▶ [EXERCISE DESCRIPTION]
Transcribe the whole listing exactly.

[Start of section]

lemma inner_eq_0_if_bdd_below_on_subspace:
  assumes "subspace V" and "\<And>v. v \<in> V \<Longrightarrow> b \<le> u \<bullet> v" and "v \<in> V"
  shows "u \<bullet> v = 0"
proof (rule ccontr)
  assume "u \<bullet> v \<noteq> 0"
  have "((b - 1) / (u \<bullet> v)) *\<^sub>R v \<in> V" using assms(1,3) by (rule subspace_scale)
  then have "b \<le> (b - 1) / (u \<bullet> v) * (u \<bullet> v)" using assms(2) by fastforce
  then show False using \<open>u \<bullet> v \<noteq> 0\<close> by simp
qed

text \<open>Adding the orthogonal complement \<open>V\<close> of the projection of \<open>K\<close> before separating
forces the horizontal part \<open>u\<close> of the normal to be orthogonal to \<open>V\<close>.\<close>

lemma nearly_convex_supporting_halfspace:
  fixes K :: "('a::euclidean_space \<times> real) set"
  assumes "nearly_convex_set K" and "K \<noteq> {}" and slice: "\<And>t. (0, t) \<in> K \<Longrightarrow> c \<le> t"
  obtains u \<sigma> where "(u, \<sigma>) \<noteq> 0" and "\<sigma> \<ge> 0"
    and "\<And>v. (\<And>p. p \<in> fst ` K \<Longrightarrow> p \<bullet> v = 0) \<Longrightarrow> u \<bullet> v = 0"
    and "\<And>z t. (z, t) \<in> K \<Longrightarrow> \<sigma> * c \<le> u \<bullet> z + \<sigma> * t"
proof -
  obtain C where C: "convex C" "C \<subseteq> K" "K \<subseteq> closure C"
    using assms(1) unfolding nearly_convex_set_def by blast
  define V where "V = {v. \<forall>p\<in>fst ` K. p \<bullet> v = 0}"
  have "subspace V" unfolding V_def subspace_def by (auto simp: inner_add_right)
  have "C \<noteq> {}" using C(3) \<open>K \<noteq> {}\<close> by auto
  define T where "T = C + (V \<times> {0})"
  have "convex T" unfolding T_def
    by (intro convex_set_plus C(1) convex_Times subspace_imp_convex \<open>subspace V\<close>) auto
  moreover have "T \<noteq> {}"
    using \<open>C \<noteq> {}\<close> subspace_0[OF \<open>subspace V\<close>] unfolding T_def set_plus_def by fastforce
  moreover have "(0, t) \<notin> T" if "t < c" for t
  proof
    assume "(0, t) \<in> T"
    then obtain q v where "(q, t) \<in> C" "v \<in> V" "q + v = 0"
      unfolding T_def set_plus_def by auto
    then have "q \<in> fst ` K" "q \<in> V"
      using C(2) subspace_neg[OF \<open>subspace V\<close>] by (force simp: add_eq_0_iff2)+
    then have "q = 0" unfolding V_def by auto
    then show False using slice \<open>(q, t) \<in> C\<close> C(2) \<open>t < c\<close> by force
  qed
  ultimately obtain u \<sigma> where "(u, \<sigma>) \<noteq> 0" and "\<sigma> \<ge> 0"
    and above_T: "\<And>z t. (z, t) \<in> T \<Longrightarrow> \<sigma> * c \<le> u \<bullet> z + \<sigma> * t"
    using halfspace_avoiding_downward_ray by blast
  have above_C: "\<sigma> * c \<le> u \<bullet> z + u \<bullet> v + \<sigma> * t" if "(z, t) \<in> C" "v \<in> V" for z t v
    using above_T[of "z + v" t] that unfolding T_def set_plus_def
    by (force simp: inner_add_right)
  have u_orth: "u \<bullet> v = 0" if "v \<in> V" for v
  proof -
    obtain z t where "(z, t) \<in> C" using \<open>C \<noteq> {}\<close> by auto
    show ?thesis
      using above_C[OF \<open>(z, t) \<in> C\<close>] \<open>subspace V\<close> that
      by (intro inner_eq_0_if_bdd_below_on_subspace[of V "\<sigma> * c - u \<bullet> z - \<sigma> * t"]) force+
  qed
  have "closure C \<subseteq> {p. \<sigma> * c \<le> u \<bullet> fst p + \<sigma> * snd p}"
    using above_C[where v = 0] subspace_0[OF \<open>subspace V\<close>]
    by (intro closure_minimal closed_Collect_le continuous_intros) auto
  show thesis
  proof (rule that)
    show "(u, \<sigma>) \<noteq> 0" "\<sigma> \<ge> 0" by fact+
    show "u \<bullet> v = 0" if "\<And>p. p \<in> fst ` K \<Longrightarrow> p \<bullet> v = 0" for v
      using u_orth that unfolding V_def by blast
    show "\<sigma> * c \<le> u \<bullet> z + \<sigma> * t" if "(z, t) \<in> K" for z t
      using \<open>closure C \<subseteq> _\<close> C(3) that by auto
  qed
qed

lemma nearly_convex_nonvertical_support:
  fixes K :: "('a::euclidean_space \<times> real) set"
  assumes "nearly_convex_set K" and "K \<noteq> {}"
    and absorbing: "\<And>z. z \<in> fst ` K \<Longrightarrow> \<exists>e>0. (- e) *\<^sub>R z \<in> fst ` K"
    and slice: "\<And>t. (0, t) \<in> K \<Longrightarrow> c \<le> t"
  obtains v where "\<And>z t. (z, t) \<in> K \<Longrightarrow> v \<bullet> z + c \<le> t"
proof -
  obtain u \<sigma> where nz: "(u, \<sigma>) \<noteq> 0" and "\<sigma> \<ge> 0"
    and u_orth: "\<And>v. (\<And>p. p \<in> fst ` K \<Longrightarrow> p \<bullet> v = 0) \<Longrightarrow> u \<bullet> v = 0"
    and above_K: "\<And>z t. (z, t) \<in> K \<Longrightarrow> \<sigma> * c \<le> u \<bullet> z + \<sigma> * t"
    using nearly_convex_supporting_halfspace[OF assms(1,2) slice] by blast
  have "\<sigma> > 0"
  proof (rule ccontr)
    assume "\<not> \<sigma> > 0"
    then have "\<sigma> = 0" using \<open>\<sigma> \<ge> 0\<close> by simp
    then have nonneg: "0 \<le> u \<bullet> z" if "z \<in> fst ` K" for z
      using above_K that by force
    have "p \<bullet> u = 0" if p: "p \<in> fst ` K" for p
    proof -
      obtain e where "e > 0" "(- e) *\<^sub>R p \<in> fst ` K" using absorbing p by blast
      then have "u \<bullet> p \<le> 0" using nonneg[of "(- e) *\<^sub>R p"] by (simp add: mult_le_0_iff)
      then show "p \<bullet> u = 0" using nonneg[OF p] by (simp add: inner_commute)
    qed
    then have "u = 0" using u_orth[of u] by simp
    then show False using nz \<open>\<sigma> = 0\<close> by (simp add: zero_prod_def)
  qed
  show thesis
  proof
    fix z t assume "(z, t) \<in> K"
    then have "\<sigma> * c \<le> u \<bullet> z + \<sigma> * t" by (rule above_K)
    then show "(- (1 / \<sigma>) *\<^sub>R u) \<bullet> z + c \<le> t"
      using \<open>\<sigma> > 0\<close> by (simp add: field_simps)
  qed
qed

[End of section]

▶ [EXERCISE ANSWER]
lemma inner_eq_0_if_bdd_below_on_subspace:
  assumes "subspace V" and "\<And>v. v \<in> V \<Longrightarrow> b \<le> u \<bullet> v" and "v \<in> V"
  shows "u \<bullet> v = 0"
proof (rule ccontr)
  assume "u \<bullet> v \<noteq> 0"
  have "((b - 1) / (u \<bullet> v)) *\<^sub>R v \<in> V" using assms(1,3) by (rule subspace_scale)
  then have "b \<le> (b - 1) / (u \<bullet> v) * (u \<bullet> v)" using assms(2) by fastforce
  then show False using \<open>u \<bullet> v \<noteq> 0\<close> by simp
qed

text \<open>Adding the orthogonal complement \<open>V\<close> of the projection of \<open>K\<close> before separating
forces the horizontal part \<open>u\<close> of the normal to be orthogonal to \<open>V\<close>.\<close>

lemma nearly_convex_supporting_halfspace:
  fixes K :: "('a::euclidean_space \<times> real) set"
  assumes "nearly_convex_set K" and "K \<noteq> {}" and slice: "\<And>t. (0, t) \<in> K \<Longrightarrow> c \<le> t"
  obtains u \<sigma> where "(u, \<sigma>) \<noteq> 0" and "\<sigma> \<ge> 0"
    and "\<And>v. (\<And>p. p \<in> fst ` K \<Longrightarrow> p \<bullet> v = 0) \<Longrightarrow> u \<bullet> v = 0"
    and "\<And>z t. (z, t) \<in> K \<Longrightarrow> \<sigma> * c \<le> u \<bullet> z + \<sigma> * t"
proof -
  obtain C where C: "convex C" "C \<subseteq> K" "K \<subseteq> closure C"
    using assms(1) unfolding nearly_convex_set_def by blast
  define V where "V = {v. \<forall>p\<in>fst ` K. p \<bullet> v = 0}"
  have "subspace V" unfolding V_def subspace_def by (auto simp: inner_add_right)
  have "C \<noteq> {}" using C(3) \<open>K \<noteq> {}\<close> by auto
  define T where "T = C + (V \<times> {0})"
  have "convex T" unfolding T_def
    by (intro convex_set_plus C(1) convex_Times subspace_imp_convex \<open>subspace V\<close>) auto
  moreover have "T \<noteq> {}"
    using \<open>C \<noteq> {}\<close> subspace_0[OF \<open>subspace V\<close>] unfolding T_def set_plus_def by fastforce
  moreover have "(0, t) \<notin> T" if "t < c" for t
  proof
    assume "(0, t) \<in> T"
    then obtain q v where "(q, t) \<in> C" "v \<in> V" "q + v = 0"
      unfolding T_def set_plus_def by auto
    then have "q \<in> fst ` K" "q \<in> V"
      using C(2) subspace_neg[OF \<open>subspace V\<close>] by (force simp: add_eq_0_iff2)+
    then have "q = 0" unfolding V_def by auto
    then show False using slice \<open>(q, t) \<in> C\<close> C(2) \<open>t < c\<close> by force
  qed
  ultimately obtain u \<sigma> where "(u, \<sigma>) \<noteq> 0" and "\<sigma> \<ge> 0"
    and above_T: "\<And>z t. (z, t) \<in> T \<Longrightarrow> \<sigma> * c \<le> u \<bullet> z + \<sigma> * t"
    using halfspace_avoiding_downward_ray by blast
  have above_C: "\<sigma> * c \<le> u \<bullet> z + u \<bullet> v + \<sigma> * t" if "(z, t) \<in> C" "v \<in> V" for z t v
    using above_T[of "z + v" t] that unfolding T_def set_plus_def
    by (force simp: inner_add_right)
  have u_orth: "u \<bullet> v = 0" if "v \<in> V" for v
  proof -
    obtain z t where "(z, t) \<in> C" using \<open>C \<noteq> {}\<close> by auto
    show ?thesis
      using above_C[OF \<open>(z, t) \<in> C\<close>] \<open>subspace V\<close> that
      by (intro inner_eq_0_if_bdd_below_on_subspace[of V "\<sigma> * c - u \<bullet> z - \<sigma> * t"]) force+
  qed
  have "closure C \<subseteq> {p. \<sigma> * c \<le> u \<bullet> fst p + \<sigma> * snd p}"
    using above_C[where v = 0] subspace_0[OF \<open>subspace V\<close>]
    by (intro closure_minimal closed_Collect_le continuous_intros) auto
  show thesis
  proof (rule that)
    show "(u, \<sigma>) \<noteq> 0" "\<sigma> \<ge> 0" by fact+
    show "u \<bullet> v = 0" if "\<And>p. p \<in> fst ` K \<Longrightarrow> p \<bullet> v = 0" for v
      using u_orth that unfolding V_def by blast
    show "\<sigma> * c \<le> u \<bullet> z + \<sigma> * t" if "(z, t) \<in> K" for z t
      using \<open>closure C \<subseteq> _\<close> C(3) that by auto
  qed
qed

lemma nearly_convex_nonvertical_support:
  fixes K :: "('a::euclidean_space \<times> real) set"
  assumes "nearly_convex_set K" and "K \<noteq> {}"
    and absorbing: "\<And>z. z \<in> fst ` K \<Longrightarrow> \<exists>e>0. (- e) *\<^sub>R z \<in> fst ` K"
    and slice: "\<And>t. (0, t) \<in> K \<Longrightarrow> c \<le> t"
  obtains v where "\<And>z t. (z, t) \<in> K \<Longrightarrow> v \<bullet> z + c \<le> t"
proof -
  obtain u \<sigma> where nz: "(u, \<sigma>) \<noteq> 0" and "\<sigma> \<ge> 0"
    and u_orth: "\<And>v. (\<And>p. p \<in> fst ` K \<Longrightarrow> p \<bullet> v = 0) \<Longrightarrow> u \<bullet> v = 0"
    and above_K: "\<And>z t. (z, t) \<in> K \<Longrightarrow> \<sigma> * c \<le> u \<bullet> z + \<sigma> * t"
    using nearly_convex_supporting_halfspace[OF assms(1,2) slice] by blast
  have "\<sigma> > 0"
  proof (rule ccontr)
    assume "\<not> \<sigma> > 0"
    then have "\<sigma> = 0" using \<open>\<sigma> \<ge> 0\<close> by simp
    then have nonneg: "0 \<le> u \<bullet> z" if "z \<in> fst ` K" for z
      using above_K that by force
    have "p \<bullet> u = 0" if p: "p \<in> fst ` K" for p
    proof -
      obtain e where "e > 0" "(- e) *\<^sub>R p \<in> fst ` K" using absorbing p by blast
      then have "u \<bullet> p \<le> 0" using nonneg[of "(- e) *\<^sub>R p"] by (simp add: mult_le_0_iff)
      then show "p \<bullet> u = 0" using nonneg[OF p] by (simp add: inner_commute)
    qed
    then have "u = 0" using u_orth[of u] by simp
    then show False using nz \<open>\<sigma> = 0\<close> by (simp add: zero_prod_def)
  qed
  show thesis
  proof
    fix z t assume "(z, t) \<in> K"
    then have "\<sigma> * c \<le> u \<bullet> z + \<sigma> * t" by (rule above_K)
    then show "(- (1 / \<sigma>) *\<^sub>R u) \<bullet> z + c \<le> t"
      using \<open>\<sigma> > 0\<close> by (simp add: field_simps)
  qed
qed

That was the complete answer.